Zoey’s Extraordinary Conservative Message

At a surface level, Zoey’s Extraordinary Playbook appears to be a deeply progressive television show. It certainly ticks many of the liberal/progressive boxes. Zoey (Jane Levy) is a young woman who writes code for computer software programs for innovative new electronic devices. She struggles to relate to others. (She is probably somewhere on the autism spectrum even though the show never uses this label.) She lives and works in San Francisco, one of America’s most progressive cities. The show features numerous strong, female characters including Zoey’s boss Joan (Lauren Graham), and Ava (Renée Elise Goldsberry), who is the boss of another division of the company. Zoey’s next-door neighbor is named Mo (Alex Newell). In one episode, it is revealed that Mo was a boy and was ostracized from a church he attended previously because he lived as a woman. (The show uses the pronoun “he” and so will I.) It is not clear to what extent Mo has transitioned to become a woman, but he is described as gender fluid by the pastor of his current church. Finally, each episode features multiple musical numbers.

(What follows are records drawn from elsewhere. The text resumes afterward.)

(* Let $P\in\mathcal{P}$ and $\alpha\in(0,1]$. Then $\limsup_n P_n^\alpha\subset P^\alpha$ almost surely.
   Context: $\mathcal{P}$ denotes the set of all probability measures on $(\mathbb{R}^d,\mathcal{B}_d)$, $\mathcal{B}_d$ the Borel $\sigma$-algebra, endowed with the topology of weak convergence. For $R\in\mathcal{P}$ and $\alpha\in(0,1]$, the $\alpha$-trimming of $R$ is $R^\alpha=\{Q\in\mathcal{P} : Q(B)\le \alpha^{-1}R(B)\text{ for all } B\in\mathcal{B}_d\}$. $\{X_i\}_{i\ge1}$ are i.i.d. random vectors in $\mathbb{R}^d$ with law $P$, and $P_n=\frac1n\sum_{i=1}^n\delta_{X_i}$ is the empirical probability. For sets $A_n\subset\mathcal{P}$, $\liminf_n A_n=\{Q\in\mathcal{P}:\exists\, Q_n\in A_n \text{ for all } n \text{ with } Q_n\to Q \text{ weakly}\}$ and $\limsup_n A_n=\{Q\in\mathcal{P}:\exists\, n_1<n_2<\dots,\ Q_{n_k}\in A_{n_k},\ Q_{n_k}\to Q\text{ weakly}\}$. *)

theory Defs
  imports "HOL-Probability.Probability"
begin

definition probs :: "('a::topological_space) measure set" where
  "probs = {Q. prob_space Q \<and> sets Q = sets borel}"

definition weak_conv :: "(nat \<Rightarrow> ('a::topological_space) measure) \<Rightarrow> 'a measure \<Rightarrow> bool" where
  "weak_conv Qs Q \<longleftrightarrow>
     (\<forall>f :: 'a \<Rightarrow> real. continuous_on UNIV f \<and> bounded (range f) \<longrightarrow>
        (\<lambda>n. \<integral>x. f x \<partial>(Qs n)) \<longlonglongrightarrow> (\<integral>x. f x \<partial>Q))"

definition trim :: "real \<Rightarrow> ('a::topological_space) measure \<Rightarrow> 'a measure set" where
  "trim \<alpha> R = {Q \<in> probs. \<forall>B \<in> sets borel. measure Q B \<le> measure R B / \<alpha>}"

definition lim_sup_set :: "(nat \<Rightarrow> ('a::topological_space) measure set) \<Rightarrow> 'a measure set" where
  "lim_sup_set A = {Q \<in> probs. \<exists>r Qs. strict_mono r \<and> (\<forall>k. Qs k \<in> A (r k)) \<and> weak_conv Qs Q}"

definition emp :: "(nat \<Rightarrow> 'w \<Rightarrow> ('a::topological_space)) \<Rightarrow> nat \<Rightarrow> 'w \<Rightarrow> 'a measure" where
  "emp X n w = measure_of UNIV (sets borel)
      (\<lambda>B. ennreal (real (card {i \<in> {1..n}. X i w \<in> B}) / real n))"

end

theory Submission
  imports Defs
begin

(* Fix a countable basis Bs of R^d and let G range over the countable family of
   finite unions of basis sets.  By Hoeffding's inequality and Borel-Cantelli, almost surely
   limsup_n P_n(G) <= P(G) for every such G simultaneously.  Fix such an outcome and a weak
   limit Q = lim_k Q_k with Q_k in P_{r k}^alpha.  Since G is open, the portmanteau bound
   gives Q(G) <= liminf_k Q_k(G) <= limsup_k P_{r k}(G)/alpha <= P(G)/alpha.  Every open set
   is an increasing union of such G, so the bound extends to open sets by continuity of Q
   from below, and then to all Borel sets by outer regularity of P. *)

(* Empirical frequency of G: the fraction of X 1 w, ..., X n w lying in G (0 for n = 0). *)
definition emp_freq :: "(nat \<Rightarrow> 'w \<Rightarrow> 'a) \<Rightarrow> nat \<Rightarrow> 'w \<Rightarrow> 'a set \<Rightarrow> real" where
  "emp_freq X n w G = real (card {i \<in> {1..n}. X i w \<in> G}) / real n"

(* The empirical frequency is the sample mean of the indicators of G; this is the form in
   which Hoeffding's inequality applies. *)
lemma emp_freq_eq_mean:
  "emp_freq X n w G = (\<Sum>i\<in>{1..n}. indicator G (X i w)) / real n"
proof -
  have "(\<Sum>i\<in>{1..n}. indicator G (X i w) :: real) = (\<Sum>i\<in>{1..n}. indicator {i. X i w \<in> G} i)"
    by (intro sum.cong) (auto simp: indicator_def)
  also have "\<dots> = real (card ({1..n} \<inter> {i. X i w \<in> G}))"
    by (simp flip: sum_indicator_eq_card add: of_nat_sum real_of_nat_indicator)
  finally show ?thesis
    unfolding emp_freq_def by (simp add: Int_def conj_commute)
qed

lemma (in prob_space) emp_freq_tail_bound:
  fixes X :: "nat \<Rightarrow> 'a \<Rightarrow> 'b::topological_space" and P :: "'b measure"
  assumes [measurable]: "\<And>i. X i \<in> borel_measurable M"
    and indep: "indep_vars (\<lambda>_. borel) X UNIV"
    and distr_X: "\<And>i. distr M borel (X i) = P"
    and [measurable]: "G \<in> sets borel" and eps: "\<epsilon> > 0"
  shows "prob {w\<in>space M. measure P G + \<epsilon> \<le> emp_freq X n w G} \<le> exp (-2 * \<epsilon>\<^sup>2) ^ n"
proof (cases "n = 0")
  case True
  then show ?thesis by (simp add: emp_freq_def)
next
  case False
  define Z where "Z i w = (indicator G (X i w) :: real)" for i w
  have [measurable]: "Z i \<in> borel_measurable M" for i unfolding Z_def by measurable
  have distr_Z: "distr M borel (Z i) = distr P borel (indicator G)" for i
    unfolding Z_def distr_X[of i, symmetric] by (subst distr_distr) (auto simp: comp_def)
  have mean_Z: "expectation (Z 1) = measure P G"
  proof -
    have "space P = UNIV" using distr_X[of 1] by (metis space_distr space_borel)
    moreover have "expectation (Z 1) = integral\<^sup>L (distr M borel (X 1)) (indicator G)"
      unfolding Z_def by (subst integral_distr) auto
    ultimately show ?thesis using distr_X[of 1] by simp
  qed
  interpret H: Hoeffding_ineq_iid M "{1..n}" Z "Z 1" 0 1 "expectation (Z 1)"
  proof unfold_locales
    show "indep_vars (\<lambda>_. borel) Z {1..n}"
      unfolding Z_def by (rule indep_vars_subset[OF indep_vars_compose2[OF indep]]) auto
    show "distr M borel (Z i) = distr M borel (Z 1)" for i by (simp add: distr_Z)
    show "AE x in M. Z 1 x \<in> {0..1}" by (auto simp: Z_def indicator_def)
  qed auto
  have "prob {w\<in>space M. measure P G + \<epsilon> \<le> emp_freq X n w G}
        \<le> exp (-2 * real n * \<epsilon>\<^sup>2 / (1 - 0)\<^sup>2)"
    using H.Hoeffding_ineq_ge'[of \<epsilon>] eps False
    unfolding emp_freq_eq_mean mean_Z Z_def by simp
  also have "\<dots> = exp (-2 * \<epsilon>\<^sup>2) ^ n"
    by (simp add: exp_of_nat_mult[symmetric] mult_ac)
  finally show ?thesis .
qed

(* The tail bounds are summable, so by Borel-Cantelli the frequency is eventually below
   P(G) + eps almost surely. *)
lemma (in prob_space) emp_freq_eventually_below:
  fixes X :: "nat \<Rightarrow> 'a \<Rightarrow> 'b::topological_space" and P :: "'b measure"
  assumes [measurable]: "\<And>i. X i \<in> borel_measurable M"
    and "indep_vars (\<lambda>_. borel) X UNIV"
    and "\<And>i. distr M borel (X i) = P"
    and [measurable]: "G \<in> sets borel" and eps: "\<epsilon> > 0"
  shows "AE w in M. eventually (\<lambda>n. emp_freq X n w G < measure P G + \<epsilon>) sequentially"
proof -
  define A where "A n = {w\<in>space M. measure P G + \<epsilon> \<le> emp_freq X n w G}" for n
  have [measurable]: "A n \<in> sets M" for n
    unfolding A_def emp_freq_eq_mean by measurable
  have "summable (\<lambda>n. measure M (A n))"
  proof (rule summable_comparison_test'[OF summable_geometric])
    show "norm (exp (-2 * \<epsilon>\<^sup>2)) < 1" using eps by simp
    show "norm (measure M (A n)) \<le> exp (-2 * \<epsilon>\<^sup>2) ^ n" for n
      using emp_freq_tail_bound[OF assms] unfolding A_def by simp
  qed
  then have "AE w in M. eventually (\<lambda>n. w \<in> space M - A n) sequentially"
    by (intro borel_cantelli_AE1) (auto simp: less_top[symmetric])
  then show ?thesis
    by (rule eventually_mono) (auto elim!: eventually_mono simp: A_def)
qed

(* Countably many null sets: almost surely the bound holds simultaneously for all G in a
   countable family of Borel sets and all eps = 1 / Suc m. *)
lemma (in prob_space) AE_emp_freq_family:
  fixes X :: "nat \<Rightarrow> 'a \<Rightarrow> 'b::topological_space" and P :: "'b measure"
  assumes "\<And>i. X i \<in> borel_measurable M"
    and "indep_vars (\<lambda>_. borel) X UNIV"
    and "\<And>i. distr M borel (X i) = P"
    and "countable \<G>" and "\<G> \<subseteq> sets borel"
  shows "AE w in M. \<forall>G\<in>\<G>. \<forall>m::nat.
           eventually (\<lambda>n. emp_freq X n w G < measure P G + 1 / real (Suc m)) sequentially"
  using assms
  by (intro AE_ball_countable' AE_all_countable[THEN iffD2] allI emp_freq_eventually_below) auto

(* For n >= 1 the empirical probability is the image of the uniform distribution on {1..n}
   under i |-> X i w; in particular it is a genuine measure. *)
lemma emp_eq_distr:
  fixes X :: "nat \<Rightarrow> 'w \<Rightarrow> 'a::topological_space"
  assumes "n \<ge> 1"
  shows "emp X n w = distr (uniform_measure (count_space UNIV) {1..n}) borel (\<lambda>i. X i w)"
    (is "_ = ?N")
proof -
  have "emp X n w = measure_of UNIV (sets borel) (emeasure ?N)"
    unfolding emp_def
  proof (rule measure_of_eq)
    fix B :: "'a set" assume "B \<in> sigma_sets UNIV (sets borel)"
    then have "B \<in> sets borel" by (metis sets.sigma_sets_eq space_borel)
    then show "ennreal (real (card {i \<in> {1..n}. X i w \<in> B}) / real n) = emeasure ?N B"
      using assms by (subst emeasure_distr)
        (auto simp: divide_ennreal ennreal_of_nat_eq_real_of_nat Int_def conj_commute)
  qed auto
  also have "\<dots> = ?N" using measure_of_of_measure[of ?N] by simp
  finally show ?thesis .
qed

lemma measure_emp:
  fixes X :: "nat \<Rightarrow> 'w \<Rightarrow> 'a::topological_space"
  assumes "n \<ge> 1" and "B \<in> sets borel"
  shows "measure (emp X n w) B = emp_freq X n w B"
  using assms unfolding emp_eq_distr[OF assms(1)] emp_freq_def
  by (subst measure_distr) (auto simp: measure_uniform_measure Int_def conj_commute)

lemma space_probs: "Q \<in> probs \<Longrightarrow> space Q = UNIV"
  unfolding probs_def by (metis (mono_tags, lifting) mem_Collect_eq sets_eq_imp_space_eq space_borel)

lemma measurable_probs: "Q \<in> probs \<Longrightarrow> f \<in> borel_measurable borel \<Longrightarrow> f \<in> borel_measurable Q"
  unfolding probs_def using measurable_cong_sets[of Q borel borel borel] by auto

lemma integral_le_measure:
  fixes f :: "'a::topological_space \<Rightarrow> real"
  assumes Q: "Q \<in> probs" and f: "f \<in> borel_measurable borel" and G: "G \<in> sets borel"
    and f_nonneg: "\<And>x. 0 \<le> f x" and f_le: "\<And>x. f x \<le> indicator G x"
  shows "(\<integral>x. f x \<partial>Q) \<le> measure Q G"
proof -
  interpret prob_space Q using Q unfolding probs_def by auto
  have "(\<integral>x. f x \<partial>Q) \<le> (\<integral>x. indicator G x \<partial>Q)"
  proof (intro integral_mono integrable_const_bound[where B=1])
    show "f \<in> borel_measurable Q" using measurable_probs[OF Q f] .
    show "indicator G \<in> borel_measurable Q"
      using measurable_probs[OF Q borel_measurable_indicator[OF G]] .
    show "AE x in Q. norm (f x) \<le> 1"
      using f_nonneg f_le
      by (intro AE_I2) (metis indicator_le_1 order_trans real_norm_def abs_of_nonneg)
  qed (auto simp: f_le)
  also have "\<dots> = measure Q G" using space_probs[OF Q] by simp
  finally show ?thesis .
qed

For all the pretense at being groundbreaking, there is a sense in which the show reflects the status quo. It is not wrong to describe Zoey as a show about a pretty young white woman and her relationships with her family, friends, co-workers, and love interests. It is revealing that Zoey needs to tell the story in a way that does not make this obvious. That a story has been told before does not preclude it from being of interest. Many viewers will be able to relate to it.

It is tempting to write Zoey off as simply another expression of political correctness or, worse yet, so much misandrist clap trap. However, the show has an important conservative message that should not be overlooked. On a deeper level, it is about women struggling in their relationships with immature, narcissistic, and weak men. Fortunately, it also provides a positive message about how to step-up and be a real man.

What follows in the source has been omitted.